The budget contains no propertytax increase. The Tax Foundation, a nonpartisan research group that advocates for lower taxes, says that Nassau’s property-tax burden is the second highest among the nation’s counties. Mr. Mangano plans to borrow hundreds of millions of dollars to give residents and businesses refunds of incorrect property assessments by county
officials. He also wants to shift the burden of refunding future inaccurate property-tax levies from the county to school districts and city governments, which receive much of the property-tax revenue but are not part of the county government. Their reaction has been negative.

Spokesmen for Mr. Mangano did not respond to requests for comment.

“We’re not interested in giving anything back,” Mr. Mulholland said, explaining that the unions had made $150 million in concessions last year. Workers received no raise in 2008, he said, gave back a contractual raise that was supposed to go into effect in 2009 and deferred their 2010 raise, he said.

“The PBA has done its fair share,” James Carver, president of the Nassau Police Benevolent Association, told Newsday.

Also, Mr. Mulholland said, about 750 employees retired over the past 15 months under various county and state incentive plans. Mr. Mangano’s budget calls for a 5-percent reduction in county employment, from 8,393 to 7,976.

Wide-Ranging Implications

Mr. Madarasz said the U.S. Constitution prohibits any impairment of a contract. “The ramifications of [Mr. Mangano’s proposal] are enormous,” he said in an interview. “It’s not just about labor contracts, it’s about any contract out there about anything.” The proposal could create a precedent for overturning business contracts, he said.

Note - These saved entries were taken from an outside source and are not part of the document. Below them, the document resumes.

lemma convex_on_strict_sublevel:
  fixes \<phi> :: "real \<Rightarrow> real"
  assumes "convex S" "convex_on S \<phi>"
  shows "convex {x\<in>S. \<phi> x < c}"
proof (rule convexI)
  fix x y a b :: real
  assume x: "x \<in> {x\<in>S. \<phi> x < c}" and y: "y \<in> {x\<in>S. \<phi> x < c}"
    and ab: "0 \<le> a" "0 \<le> b" "a + b = 1"
  have a: "a = 1 - b" using ab(3) by simp
  have "\<phi> (a *\<^sub>R x + b *\<^sub>R y) \<le> a * \<phi> x + b * \<phi> y"
    using convex_onD[OF assms(2), of b x y] x y ab unfolding a by simp
  also have "\<dots> < c" using x y ab by (intro convex_bound_lt) auto
  finally show "a *\<^sub>R x + b *\<^sub>R y \<in> {x\<in>S. \<phi> x < c}"
    using convexD[OF assms(1), of x y a b] x y ab by simp
qed

lemma convex_finite_measure_between:
  fixes J :: "real set"
  assumes "convex J" "J \<in> sets borel" "emeasure lborel J < \<infinity>" "J \<noteq> {}"
  obtains a b where "a \<le> b" "{a<..<b} \<subseteq> J" "J \<subseteq> {a..b}"
proof -
  have iv: "is_interval J" using assms(1) by (simp add: is_interval_convex_1)
  have interval: "{x..z} \<subseteq> J" if "x \<in> J" "z \<in> J" for x z
    using mem_is_interval_1_I[OF iv that] by auto
  obtain B where B: "emeasure lborel J = ennreal B" "B \<ge> 0"
    using assms(3) by (cases "emeasure lborel J" rule: ennreal_cases) auto
  have width: "z - x \<le> B" if "x \<in> J" "z \<in> J" "x \<le> z" for x z
  proof -
    have "emeasure lborel {x..z} \<le> emeasure lborel J"
      using interval[OF that(1,2)] assms(2) by (intro emeasure_mono) auto
    then have "ennreal (z - x) \<le> ennreal B" using that(3) B(1) by simp
    then show ?thesis using B(2) by (simp add: ennreal_le_iff)
  qed
  obtain x0 where x0: "x0 \<in> J" using assms(4) by auto
  have "z \<le> x0 + B" if "z \<in> J" for z using width[OF x0 that] B(2) by (cases "x0 \<le> z") auto
  moreover have "x0 - B \<le> z" if "z \<in> J" for z using width[OF that x0] B(2) by (cases "z \<le> x0") auto
  ultimately have bounded: "bdd_above J" "bdd_below J" by (meson bdd_aboveI bdd_belowI)+
  show ?thesis
  proof (rule that[of "Inf J" "Sup J"])
    show "J \<subseteq> {Inf J..Sup J}" using bounded by (auto intro: cInf_lower cSup_upper)
    then show "Inf J \<le> Sup J" using x0 by auto
    show "{Inf J<..<Sup J} \<subseteq> J"
    proof
      fix z assume z: "z \<in> {Inf J<..<Sup J}"
      obtain x where "x \<in> J" "x < z" using z cInf_less_iff[OF assms(4) bounded(2)] by auto
      moreover obtain y where "y \<in> J" "z < y" using z less_cSup_iff[OF assms(4) bounded(1)] by auto
      ultimately show "z \<in> J" using interval by fastforce
    qed
  qed
qed

lemma exp_neg_le_inverse_power4:
  fixes r :: real assumes r: "r > 0" shows "exp (- r) \<le> 256 / r ^ 4"
proof -
  have "(r / 4) ^ 4 \<le> (1 + r / real 4) ^ 4" using r by (intro power_mono) auto
  also have "\<dots> \<le> exp r" using r by (intro exp_ge_one_plus_x_over_n_power_n) auto
  finally have "r ^ 4 / 256 \<le> exp r" by (simp add: power_divide)
  then show ?thesis using r by (simp add: exp_minus field_simps)
qed

locale log_concave_density =
  fixes S :: "real set" and \<phi> :: "real \<Rightarrow> real"
  assumes convex_domain: "convex S" and convex_potential: "convex_on S \<phi>"
begin

definition dens :: "real \<Rightarrow> real" where
  "dens x = indicator S x * exp (- \<phi> x)"

lemma dens_nonneg: "0 \<le> dens x"
  by (simp add: dens_def)

lemma borel_measurable_dens [measurable]: "dens \<in> borel_measurable borel"
proof -
  \<comment> \<open>\<open>\<phi>\<close> is continuous on the interior of \<open>S\<close>, and at most the two endpoints of \<open>S\<close> lie outside it.\<close>
  define T where "T = interior S"
  define E where "E = S - T"
  have "convex_on T \<phi>"
    using convex_on_subset[OF convex_potential interior_subset] convex_interior[OF convex_domain]
    by (simp add: T_def)
  then have "continuous_on T \<phi>" by (intro convex_on_continuous) (simp_all add: T_def)
  then have m1: "(\<lambda>x. indicator T x *\<^sub>R exp (- \<phi> x)) \<in> borel_measurable borel"
    by (intro borel_measurable_continuous_on_indicator continuous_intros) (auto simp: T_def)
  have "E \<subseteq> {Inf S, Sup S}"
    using convex_not_interior_eq_Inf_or_Sup[OF convex_domain] by (auto simp: E_def T_def)
  then have finE: "finite E" by (rule finite_subset) auto
  have "dens x = indicator T x *\<^sub>R exp (- \<phi> x) + (\<Sum>p\<in>E. exp (- \<phi> p) * indicator {p} x)" for x
  proof -
    have "(\<Sum>p\<in>E. exp (- \<phi> p) * indicator {p} x) = (if x \<in> E then exp (- \<phi> x) else 0)"
      using finE by (simp add: indicator_def sum.delta' if_distrib[of "\<lambda>c. _ * c"] cong: if_cong)
    then show ?thesis using interior_subset[of S] by (auto simp: dens_def E_def T_def indicator_def)
  qed
  then have "dens = (\<lambda>x. indicator T x *\<^sub>R exp (- \<phi> x) + (\<Sum>p\<in>E. exp (- \<phi> p) * indicator {p} x))"
    by auto
  also have "\<dots> \<in> borel_measurable borel" using m1 by measurable
  finally show ?thesis .
qed

lemma convex_superlevel_dens:
  assumes "s > 0" shows "convex {x. s < dens x}"
proof -
  have "s < exp (- \<phi> x) \<longleftrightarrow> \<phi> x < - ln s" for x
    using assms ln_less_cancel_iff[of s "exp (- \<phi> x)"] by auto
  then have "{x. s < dens x} = {x\<in>S. \<phi> x < - ln s}"
    using assms by (auto simp: dens_def indicator_def)
  then show ?thesis using convex_on_strict_sublevel[OF convex_domain convex_potential] by simp
qed

end

lemma nn_integral_inverse_square_atLeast:
  fixes c K x0 :: real
  assumes c: "c > 0" and K: "K \<ge> 0"
  shows "(\<integral>\<^sup>+x. ennreal (K / (x - x0)\<^sup>2) * indicator {x0 + c..} x \<partial>lborel) = ennreal (K / c)"
proof -
  have "(\<integral>\<^sup>+x. ennreal (K / (x - x0)\<^sup>2) * indicator {x0 + c..} x \<partial>lborel)
      = ennreal (0 - (- K / (x0 + c - x0)))"
  proof (rule nn_integral_FTC_atLeast)
    fix x assume "x0 + c \<le> x"
    then have "x - x0 \<noteq> 0" using c by simp
    then show "((\<lambda>x. - K / (x - x0)) has_real_derivative K / (x - x0)\<^sup>2) (at x)"
      by (auto intro!: derivative_eq_intros simp: power2_eq_square field_simps)
    show "0 \<le> K / (x - x0)\<^sup>2" using K by simp
  next
    show "((\<lambda>x. - K / (x - x0)) \<longlongrightarrow> 0) at_top" by real_asymp
  qed measurable
  then show ?thesis by simp
qed

lemma nn_integral_inverse_square_tail:
  fixes c K x0 :: real
  assumes c: "c > 0" and K: "K \<ge> 0"
  shows "(\<integral>\<^sup>+x. ennreal (K / (x - x0)\<^sup>2) * indicator {x. c \<le> \<bar>x - x0\<bar>} x \<partial>lborel) = ennreal (2 * K / c)"
proof -
  define g where "g x = ennreal (K / (x - x0)\<^sup>2)" for x
  have "(\<integral>\<^sup>+x. g x * indicator {..x0 - c} x \<partial>lborel)
      = (\<integral>\<^sup>+x. g (2 * x0 + (-1) * x) * indicator {..x0 - c} (2 * x0 + (-1) * x) \<partial>lborel)"
    using nn_integral_real_affine[where f = "\<lambda>x. g x * indicator {..x0 - c} x" and c = "-1" and t = "2 * x0"]
    by (simp add: g_def)
  also have "\<dots> = (\<integral>\<^sup>+x. g x * indicator {x0 + c..} x \<partial>lborel)"
  proof (intro nn_integral_cong)
    fix x
    have "(2 * x0 + (-1) * x - x0)\<^sup>2 = (x - x0)\<^sup>2" by (simp add: power2_eq_square algebra_simps)
    moreover have "2 * x0 + (-1) * x \<le> x0 - c \<longleftrightarrow> x0 + c \<le> x" by auto
    ultimately show "g (2 * x0 + (-1) * x) * indicator {..x0 - c} (2 * x0 + (-1) * x)
        = g x * indicator {x0 + c..} x"
      by (simp add: g_def indicator_def)
  qed
  finally have left: "(\<integral>\<^sup>+x. g x * indicator {..x0 - c} x \<partial>lborel) = ennreal (K / c)"
    using nn_integral_inverse_square_atLeast[OF c K] by (simp add: g_def)
  have "indicator {x. c \<le> \<bar>x - x0\<bar>} x = (indicator {x0 + c..} x + indicator {..x0 - c} x :: ennreal)" for x
    using c by (auto simp: indicator_def)
  then have "(\<integral>\<^sup>+x. g x * indicator {x. c \<le> \<bar>x - x0\<bar>} x \<partial>lborel)
      = (\<integral>\<^sup>+x. g x * indicator {x0 + c..} x \<partial>lborel) + (\<integral>\<^sup>+x. g x * indicator {..x0 - c} x \<partial>lborel)"
    by (simp add: distrib_left nn_integral_add g_def)
  also have "\<dots> = ennreal (2 * K / c)"
    using left nn_integral_inverse_square_atLeast[OF c K] c K by (simp add: g_def flip: ennreal_plus)
  finally show ?thesis by (simp add: g_def)
qed

locale normalized_log_concave_density = log_concave_density +
  assumes total: "(\<integral>\<^sup>+x. ennreal (dens x) \<partial>lborel) = 1"
begin

lemma integrable_dens: "integrable lborel dens"
  by (rule integrableI_nonneg) (use total dens_nonneg in auto)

The county’s five unions settled contracts that run through 2015 with the former County Executive, Thomas R. Suozzi. Mr. Mangano narrowly defeated Mr. Suozzi last November in his bid for a third term; high property taxes and the deepening recession were key campaign issues. Mr. Mangano said the “county entered contracts with reckless disregard for residents’ ability to
pay and without regard to rising unemployment and disclosure rates.”

Nassau County’s situation is similar to that of Westchester, another wealthy, high-tax county that has been hit hard by the economic crisis. Westchester’s new County Executive, Robert P. Astorino, has also said its residents cannot afford another tax increase and is looking at laying off
hundreds of county workers to balance the budget.